1.2 The Terms and Conditions of Purchase shall also govern the participation in and use of the platform provided by CNC24 for placing orders and concluding manufacturing contracts.
1.3 The Terms and Conditions of Purchase shall only apply if the Partner Company is an entrepreneur (§ 14 BGB), a legal entity under public law or a special fund under public law.
1.4 The Terms and Conditions of Purchase shall apply exclusively. Deviating, conflicting or supplementary general terms and conditions of the Partner Company shall only become an integral part of the contract if and to the extent that CNC24 has expressly consented to their application in writing (e.g. e-mail, letter). This consent requirement shall apply in any case, for example even if CNC24 accepts delivery with knowledge of the Partner Company’s general terms and conditions.

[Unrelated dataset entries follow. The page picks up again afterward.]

lemma hurwitz_derivs_le:
  assumes "open \<Omega>" "h holomorphic_on \<Omega>" "h ` \<Omega> \<subseteq> ball 0 1" "h w = 0"
    and "y \<in> hurwitz_derivs \<Omega> w"
  shows "norm (deriv h w) * y \<le> 1"
proof -
  obtain g where g: "g holomorphic_on ball 0 1" "g ` ball 0 1 \<subseteq> \<Omega>" "g 0 = w"
    "deriv g 0 = of_real y" "y > 0"
    using assms(5) unfolding hurwitz_derivs_def by (auto simp: of_real_Re)
  show ?thesis
    using Schwarz_Lemma_comp(1)[OF assms(1-4) g(1-3)] g(4,5) by (simp add: norm_mult)
qed

lemma hurwitz_radius_disc: "hurwitz_radius (ball 0 1) 0 = 1"
proof -
  have "y \<le> 1" if "y \<in> hurwitz_derivs (ball 0 1) 0" for y
    using hurwitz_derivs_le[OF open_ball _ _ _ that, of "\<lambda>z. z"] by simp
  then show ?thesis
    unfolding hurwitz_radius_eq_Sup
    by (intro cSup_eq_maximum radius_mem_hurwitz_derivs) auto
qed

lemma bdd_above_hurwitz_derivs:
  assumes "open \<Omega>" "h holomorphic_on \<Omega>" "h ` \<Omega> \<subseteq> ball 0 1" "h w = 0" "deriv h w \<noteq> 0"
  shows "bdd_above (hurwitz_derivs \<Omega> w)"
proof (rule bdd_aboveI)
  fix y assume "y \<in> hurwitz_derivs \<Omega> w"
  then have "norm (deriv h w) * y \<le> 1"
    by (rule hurwitz_derivs_le[OF assms(1-4)])
  then show "y \<le> 1 / norm (deriv h w)"
    using assms(5) by (simp add: field_simps)
qed

lemma hurwitz_radius_pos:
  assumes "open \<Omega>" "w \<in> \<Omega>" "bdd_above (hurwitz_derivs \<Omega> w)"
  shows "hurwitz_radius \<Omega> w > 0"
proof -
  obtain e where "e > 0" "ball w e \<subseteq> \<Omega>"
    using assms(1,2) open_contains_ball by blast
  then show ?thesis
    unfolding hurwitz_radius_eq_Sup
    using cSup_upper[OF radius_mem_hurwitz_derivs assms(3)] by fastforce
qed

lemma cara_hurwitz_disc_eq_Sup:
  assumes "hurwitz_family \<Omega> (ball 0 1) w 0 \<noteq> {}"
  shows "cara_hurwitz_disc \<Omega> w =
           Sup ((\<lambda>h. 2 * norm (deriv h w)) ` hurwitz_family \<Omega> (ball 0 1) w 0)"
proof -
  have "hurwitz_density (ball 0 1) (h w) = 2" if "h \<in> hurwitz_family \<Omega> (ball 0 1) w 0" for h
    using that by (simp add: hurwitz_family_def hurwitz_density_def hurwitz_radius_disc)
  then show ?thesis
    using assms unfolding cara_hurwitz_disc_def cara_hurwitz_def Setcompr_eq_image
    by (metis (no_types, lifting) image_cong)
qed

lemma Montel_deriv:
  fixes f :: "nat \<Rightarrow> complex \<Rightarrow> complex"
  assumes "open S" and hol: "\<And>n. f n holomorphic_on S"
    and bounded: "\<And>K. compact K \<Longrightarrow> K \<subseteq> S \<Longrightarrow> \<exists>B. \<forall>n. \<forall>z \<in> K. norm (f n z) \<le> B"
  obtains g r where "g holomorphic_on S" "strict_mono (r :: nat \<Rightarrow> nat)"
    "\<And>z. z \<in> S \<Longrightarrow> (\<lambda>n. f (r n) z) \<longlonglongrightarrow> g z"
    "\<And>K. compact K \<Longrightarrow> K \<subseteq> S \<Longrightarrow> uniform_limit K (f \<circ> r) g sequentially"
    "\<And>z. z \<in> S \<Longrightarrow> (\<lambda>n. deriv (f (r n)) z) \<longlonglongrightarrow> deriv g z"
proof -
  have bounded_range: "\<exists>B. \<forall>h \<in> range f. \<forall>z \<in> K. norm (h z) \<le> B"
    if "compact K" "K \<subseteq> S" for K
    using bounded[OF that] by blast
  obtain g r where g: "g holomorphic_on S" "strict_mono (r :: nat \<Rightarrow> nat)"
      "\<And>z. z \<in> S \<Longrightarrow> (\<lambda>n. f (r n) z) \<longlonglongrightarrow> g z"
      and ul: "\<And>K. compact K \<Longrightarrow> K \<subseteq> S \<Longrightarrow> uniform_limit K (f \<circ> r) g sequentially"
    by (rule Montel[OF assms(1) _ bounded_range subset_refl]) (use hol in auto)
  have deriv_lim: "(\<lambda>n. deriv (f (r n)) z) \<longlonglongrightarrow> deriv g z" if "z \<in> S" for z
  proof -
    obtain e where e: "e > 0" "cball z e \<subseteq> S"
      using assms(1) \<open>z \<in> S\<close> open_contains_cball by blast
    have "ball z e \<subseteq> S"
      using e(2) ball_subset_cball by blast
    then have "\<forall>\<^sub>F n in sequentially. (f \<circ> r) n holomorphic_on ball z e"
      by (auto intro!: always_eventually holomorphic_on_subset[OF hol])
    moreover have "uniform_limit (ball z e) (f \<circ> r) g sequentially"
      using ul[OF compact_cball e(2)] by (rule uniform_limit_on_subset) auto
    ultimately have "(\<lambda>n. deriv ((f \<circ> r) n) z) \<longlonglongrightarrow> deriv g z"
      using e(1) by (intro deriv_complex_uniform_limit) (auto simp: o_def)
    then show ?thesis
      by (simp add: o_def)
  qed
  show ?thesis
    using g ul deriv_lim by (rule that)
qed

lemma extremal_map_to_disc:
  assumes "open \<Omega>" "connected \<Omega>" "w \<in> \<Omega>"
    and hs: "\<And>n. hs n holomorphic_on \<Omega> \<and> hs n ` \<Omega> \<subseteq> ball 0 1 \<and> hs n w = 0"
    and lim: "(\<lambda>n. norm (deriv (hs n) w)) \<longlonglongrightarrow> L" and "L > 0"
  obtains h where "h holomorphic_on \<Omega>" "h ` \<Omega> \<subseteq> ball 0 1" "h w = 0" "norm (deriv h w) = L"
proof -
  have le1: "norm (hs n z) \<le> 1" if "z \<in> \<Omega>" for n z
    using hs[of n] that by fastforce
  then have bounded: "\<exists>B. \<forall>n. \<forall>z \<in> K. norm (hs n z) \<le> B" if "K \<subseteq> \<Omega>" for K
    using that by blast
  obtain h r where h: "h holomorphic_on \<Omega>" "strict_mono r"
      "\<And>z. z \<in> \<Omega> \<Longrightarrow> (\<lambda>n. hs (r n) z) \<longlonglongrightarrow> h z"
      "\<And>K. compact K \<Longrightarrow> K \<subseteq> \<Omega> \<Longrightarrow> uniform_limit K (hs \<circ> r) h sequentially"
      "\<And>z. z \<in> \<Omega> \<Longrightarrow> (\<lambda>n. deriv (hs (r n)) z) \<longlonglongrightarrow> deriv h z"
    by (rule Montel_deriv[OF assms(1), of hs]) (use hs bounded in auto)
  have "(\<lambda>n. norm (deriv (hs (r n)) w)) \<longlonglongrightarrow> norm (deriv h w)"
    using h(5)[OF assms(3)] by (rule tendsto_norm)
  moreover have "(\<lambda>n. norm (deriv (hs (r n)) w)) \<longlonglongrightarrow> L"
    using LIMSEQ_subseq_LIMSEQ[OF lim h(2)] by (simp add: o_def)
  ultimately have dh: "norm (deriv h w) = L"
    by (rule LIMSEQ_unique)
  have "h w = 0"
    using h(3)[OF assms(3)] hs by (simp add: LIMSEQ_const_iff)
  have "\<not> h constant_on \<Omega>"
    using deriv_eq_0_if_constant_on[OF assms(1,3)] dh \<open>L > 0\<close> by auto
  then have "open (h ` \<Omega>)"
    by (rule open_mapping_thm[OF h(1) assms(1,2) assms(1) order_refl])
  moreover have "norm (h z) \<le> 1" if "z \<in> \<Omega>" for z
    using h(3)[OF that] le1[OF that] by (intro LIMSEQ_le_const2[OF tendsto_norm]) auto
  ultimately have "h ` \<Omega> \<subseteq> interior (cball 0 1)"
    by (intro interior_maximal) auto
  then show ?thesis
    using that h(1) \<open>h w = 0\<close> dh by simp
qed

lemma two_points_not_in_if_bounded_nonconstant:
  assumes "\<Omega> \<noteq> UNIV" "f holomorphic_on \<Omega>" "bounded (f ` \<Omega>)" "\<not> f constant_on \<Omega>"
  obtains a b where "a \<notin> \<Omega>" "b \<notin> \<Omega>" "a \<noteq> b"
proof -
  obtain a where a: "a \<notin> \<Omega>"
    using assms(1) by blast
  have "\<exists>b. b \<notin> \<Omega> \<and> b \<noteq> a"
  proof (rule ccontr)
    assume "\<nexists>b. b \<notin> \<Omega> \<and> b \<noteq> a"
    with a have \<Omega>: "\<Omega> = UNIV - {a}"
      by blast
    obtain B where B: "\<And>z. z \<in> \<Omega> \<Longrightarrow> norm (f z) \<le> B"
      using assms(3) by (auto simp: bounded_iff)
    then have "\<forall>\<^sub>F z in at a. norm (f z) \<le> B"
      by (auto simp: eventually_at_filter \<Omega> intro!: always_eventually)
    then obtain g where g: "g holomorphic_on UNIV" "\<And>z. z \<noteq> a \<Longrightarrow> g z = f z"
      using holomorphic_on_extend_bounded[of f UNIV a] assms(2) \<Omega> by auto
    have "g z \<in> insert (g a) (f ` \<Omega>)" for z
      using g(2)[of z] \<Omega> by (cases "z = a") auto
    then have "range g \<subseteq> insert (g a) (f ` \<Omega>)"
      by blast
    then have "bounded (range g)"
      using assms(3) bounded_insert bounded_subset by blast
    then obtain c where "\<And>z. g z = c"
      using Liouville_theorem[OF g(1)] by (auto simp: constant_on_def)
    then have "f constant_on \<Omega>"
      unfolding constant_on_def using g(2) \<Omega> by (intro exI[of _ c]) auto
    with assms(4) show False ..
  qed
  with a show ?thesis
    using that by blast
qed

lemma Schottky_uniform_bound:
  assumes "a \<notin> \<Omega>" "b \<notin> \<Omega>" "a \<noteq> b" "compact K" "K \<subseteq> ball 0 1"
  obtains B where "\<And>g z. g holomorphic_on ball 0 1 \<Longrightarrow> g ` ball 0 1 \<subseteq> \<Omega> \<Longrightarrow> g 0 = w \<Longrightarrow>
    z \<in> K \<Longrightarrow> norm (g z) \<le> B"
proof -
  obtain \<rho> where \<rho>: "0 \<le> \<rho>" "\<rho> < 1" "\<And>z. z \<in> K \<Longrightarrow> norm z \<le> \<rho>"
  proof (cases "K = {}")
    case False
    then obtain x where "x \<in> K" "\<And>z. z \<in> K \<Longrightarrow> norm z \<le> norm x"
      using continuous_attains_sup[OF assms(4) _ continuous_on_norm_id] by blast
    with assms(5) show thesis
      using that[of "norm x"] by auto
  qed (use that[of 0] in auto)
  \<comment> \<open>Schottky's theorem needs a closed disc: apply it to u \<mapsto> g (q u), at the point
     z / q of norm at most \<rho> / q \<le> q < 1.\<close>
  define q where "q = (1 + \<rho>) / 2"
  have q: "0 < q" "q < 1" "\<rho> \<le> q * q"
    using \<rho>(1,2) mult_nonneg_nonneg[of "1 - \<rho>" "1 - \<rho>"] by (auto simp: q_def algebra_simps)
  define M where
    "M = exp (pi * exp (pi * (2 + 2 * norm ((w - a) / (b - a)) + 12 * q / (1 - q))))"
  have "norm (g z) \<le> norm a + norm (b - a) * M"
    if g: "g holomorphic_on ball 0 1" "g ` ball 0 1 \<subseteq> \<Omega>" "g 0 = w" and "z \<in> K" for g z
  proof -
    define F where "F = (\<lambda>u. (g (of_real q * u) - a) / (b - a))"
    have scaled: "of_real q * u \<in> ball 0 1" if "u \<in> cball (0 :: complex) 1" for u
    proof -
      have "norm (of_real q * u) \<le> q"
        using that q(1) by (simp add: norm_mult mult_left_le)
      then show ?thesis
        using q(2) by simp
    qed
    then have "(g \<circ> (\<lambda>u. of_real q * u)) holomorphic_on cball 0 1"
      by (intro holomorphic_on_compose_gen[OF _ g(1)] holomorphic_intros) auto
    then have "F holomorphic_on cball 0 1"
      unfolding F_def o_def using assms(3) by (intro holomorphic_intros) auto
    moreover have "\<not> (F u = 0 \<or> F u = 1)" if "u \<in> cball 0 1" for u
    proof -
      have "g (of_real q * u) \<in> \<Omega>"
        using g(2) scaled[OF that] by blast
      then show ?thesis
        using assms(1-3) by (auto simp: F_def divide_eq_1_iff)
    qed
    moreover have "norm (z / of_real q) \<le> q"
      using \<rho>(3)[OF \<open>z \<in> K\<close>] q by (simp add: norm_divide divide_le_eq mult.commute)
    ultimately have "norm (F (z / of_real q)) \<le> M"
      unfolding M_def using q(1,2) g(3) by (intro Schottky) (auto simp: F_def)
    moreover have "g z = a + (b - a) * F (z / of_real q)"
      using q(1) assms(3) by (simp add: F_def)
    ultimately show ?thesis
      by (metis norm_triangle_le norm_mult add_left_mono mult_left_mono norm_ge_zero)
  qed
  then show ?thesis
    using that by blast
qed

2. Participation in the Partner Program
2.1 CNC24 offers its customers various services related to the manufacturing of prototypes, single parts and small series, whereby customers submit specific requests for manufacturing projects (each a “Manufacturing Project“) to CNC24. CNC24 maintains a partner manufacturing program consisting of a network of third-party manufacturers capable of performing manufacturing services for CNC24 (the “Program“). As a participant in the Program, the Partner Manufacturing Company is invited to submit offers for manufacturing contracts for specific manufacturing projects or portions thereof. Upon acceptance of an offer by CNC24, a manufacturing contract for the manufacturing project or part thereof shall be concluded, subject to a condition precedent until the conclusion of a legally effective contract between CNC24 and the respective customer for the specific manufacturing project.
2.2 To participate in the program, the Partner Company must register on the website www.CNC24.de/partner-werden under “Become a partner now.” After successful registration, CNC24 will activate a Profile Area (hereinafter: “Profile Area“) for the Partner Company for the program.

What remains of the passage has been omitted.